We think He’d appreciate this or that and disapprove of those other things but He is totally indifferent. We appeal to God for justice but forget that He does not have the same concept of justice as we do, not even close. When we condemn things like pedophilia we think that the Lord would be surely on our side, just as gays think God cannot possibly be against their gay marriages.
We think that some things in this world are fully deserved while others aren’t and therefore in need of correction, and we appeal to the Lord to put the universe in order. He surely must feel as strongly about it as we do, especially if we consider ourselves as devotees. And yet He doesn’t care.
For Him, everything is perfect already and, if we think about it, it can’t be any other way. He is God, He has all His desires immediately fulfilled to His complete satisfaction. We might not serve Him very well but His divine energies never fail. All imperfections, therefore, are only in our imagination. We want the world to be corrected to better serve us, not the Lord, who is fine with it as it is.
And yet it is also said that the Lord is very partial to His devotees. How could that be? He is either equanimous or partial, there should be no contradiction, and there isn’t, but we have to find a way to explain it.
The universe is never completely separated from the Lord. Kṛṣṇa Himself appears here from time to time and this means that parts of the universe serve Him directly. This means that He is not impartial to events surrounding His personal presence here. Devotees are parts of that experience and therefore Kṛṣṇa finds their activities pleasurable even in the material world.
Or, to put it another way – devotees’ service is NOT part of the material world but part of Kṛṣṇa’s pastimes, even if only connection is remembrance. Pure memories of the Lord are still fully spiritual. One day Kṛṣṇa danced on the heads of Kāliya serpent. The story was then written in Śrīmad Bhāgavatam, eventually appeared in the Kṛṣṇa Book and given to us by devotees, now we remember it from time to time, and Kṛṣṇa still appreciates it. It’s not a material experience, it’s a reflection, however faint and distorted, of Kṛṣṇa own pastime. That’s what Kṛṣṇa likes about it.

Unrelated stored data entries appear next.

definition calibrated :: "real measure \<Rightarrow> nat \<Rightarrow> (nat \<Rightarrow> real) \<Rightarrow> (nat \<Rightarrow> real) \<Rightarrow> bool" where
  "calibrated G n b S \<longleftrightarrow> (\<forall>t\<in>{0<..<1}. measure G {y. b (1 + count_le n S y) \<le> t} \<le> t)"

lemma calibrated_compose: "calibrated G n b (compose {0..<n} f U) \<longleftrightarrow> calibrated G n b (f \<circ> U)"
  by (simp add: calibrated_def count_le_compose)

text \<open>The value 0 outside (0,1) is arbitrary: that set is null for the uniform law.\<close>
definition quantile :: "real measure \<Rightarrow> real \<Rightarrow> real" where
  "quantile G \<omega> = (if \<omega> \<in> {0<..<1} then Inf {x. \<omega> \<le> cdf G x} else 0)"

context cdf_distribution
begin

lemma mono_on_quantile: "mono_on {0<..<1} (quantile M)"
  using mono_I by (simp add: mono_on_def quantile_def)

lemma measurable_quantile[measurable]: "quantile M \<in> borel_measurable borel"
  using measurable_CI unfolding quantile_def
  by (subst (asm) measurable_restrict_space_iff) auto

lemma measure_lessThan_quantile_le:
  assumes u: "u \<in> {0<..<1}"
  shows "measure M {..< quantile M u} \<le> u"
proof (rule tendsto_upperbound[OF cdf_at_left])
  show "\<forall>\<^sub>F x in at_left (quantile M u). cdf M x \<le> u"
  proof (rule eventually_mono[OF eventually_at_left_real[of "quantile M u - 1"]])
    fix x assume "x \<in> {quantile M u - 1<..<quantile M u}"
    then show "cdf M x \<le> u"
      using pseudoinverse[of u x] u by (auto simp: quantile_def)
  qed simp
qed simp

lemma distr_uniform_quantile: "distr (uniform_measure lborel {0..1}) M (quantile M) = M"
proof -
  let ?V = "uniform_measure lborel {0..1::real}"
  let ?\<Omega> = "restrict_space lborel {0<..<1::real}"
  have "distr ?V M (quantile M) = distr ?V borel (quantile M)"
    by (rule distr_cong) auto
  also have "\<dots> = distr ?\<Omega> borel I"
  proof (rule measure_eqI)
    fix A assume "A \<in> sets (distr ?V borel (quantile M))"
    then have A: "A \<in> sets borel" by simp
    have QA: "quantile M -` A \<in> sets borel"
      using measurable_sets[OF measurable_quantile A] by simp
    have "emeasure (distr ?V borel (quantile M)) A = emeasure lborel ({0..1} \<inter> quantile M -` A)"
      using A QA by (simp add: emeasure_distr divide_ennreal_def)
    also have "\<dots> = emeasure lborel (quantile M -` A \<inter> {0<..<1})"
    proof (rule emeasure_eq_AE)
      show "AE x in lborel. (x \<in> {0..1} \<inter> quantile M -` A) = (x \<in> quantile M -` A \<inter> {0<..<1})"
        using AE_lborel_singleton[of "0::real"] AE_lborel_singleton[of "1::real"]
        by eventually_elim auto
    qed (use QA in auto)
    also have "\<dots> = emeasure ?\<Omega> (I -` A \<inter> space ?\<Omega>)"
      by (subst emeasure_restrict_space)
         (auto simp: space_restrict_space quantile_def intro!: arg_cong[where f = "emeasure lborel"])
    also have "\<dots> = emeasure (distr ?\<Omega> borel I) A"
      using measurable_CI A
      by (intro emeasure_distr[symmetric]) (simp_all add: measurable_cong_sets sets_restrict_space)
    finally show "emeasure (distr ?V borel (quantile M)) A = emeasure (distr ?\<Omega> borel I) A" .
  qed simp
  also have "\<dots> = M"
    by (rule distr_I_eq_M)
  finally show ?thesis .
qed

The way the pastimes get deposited in our heads is kind of “material” and the reaction of our minds to them is “material”, too, but the souls who get to experience this part of the “material” world are called devotees.
Kṛṣṇa still retains His equanimity towards us as spirit souls but when the material energy engages in His glorification He is still flattered. We, as spirit souls, are lucky to be there when these stories flash through our brains. It doesn’t mean that whatever we enjoy for ourselves gets the same reception from the Lord.
He appreciates whatever pure devotees do but they never do anything for their own pleasure and are only put in situations where material energy manifests some form of service. Pure devotees are still not doers of anything, they are not little gods, just like us they are here to observe and desire. The only external difference is that material energy puts them in bodies and places connected with Kṛṣṇa, that’s all. I’m not going to speculate on their internal spiritual life.
Sometimes we don’t understand how their certain engagements could be possibly connected to the Lord but that’s our problem. If we had sufficient purity ourselves we would learn to look past it anyway.
We’d better busy ourselves with trying to learn how to please the Lord instead of asking Him to do things according to our illusory desires. He has no interest in that no matter how much service we think we’ve rendered to deserve fulfillment of our wishes. The moment we start thinking of ourselves He switches His attention off and becomes impartial, and the cold and impersonal material energy takes over. Good news is that He does not resent us for that and patiently waits for the return of our service attitude.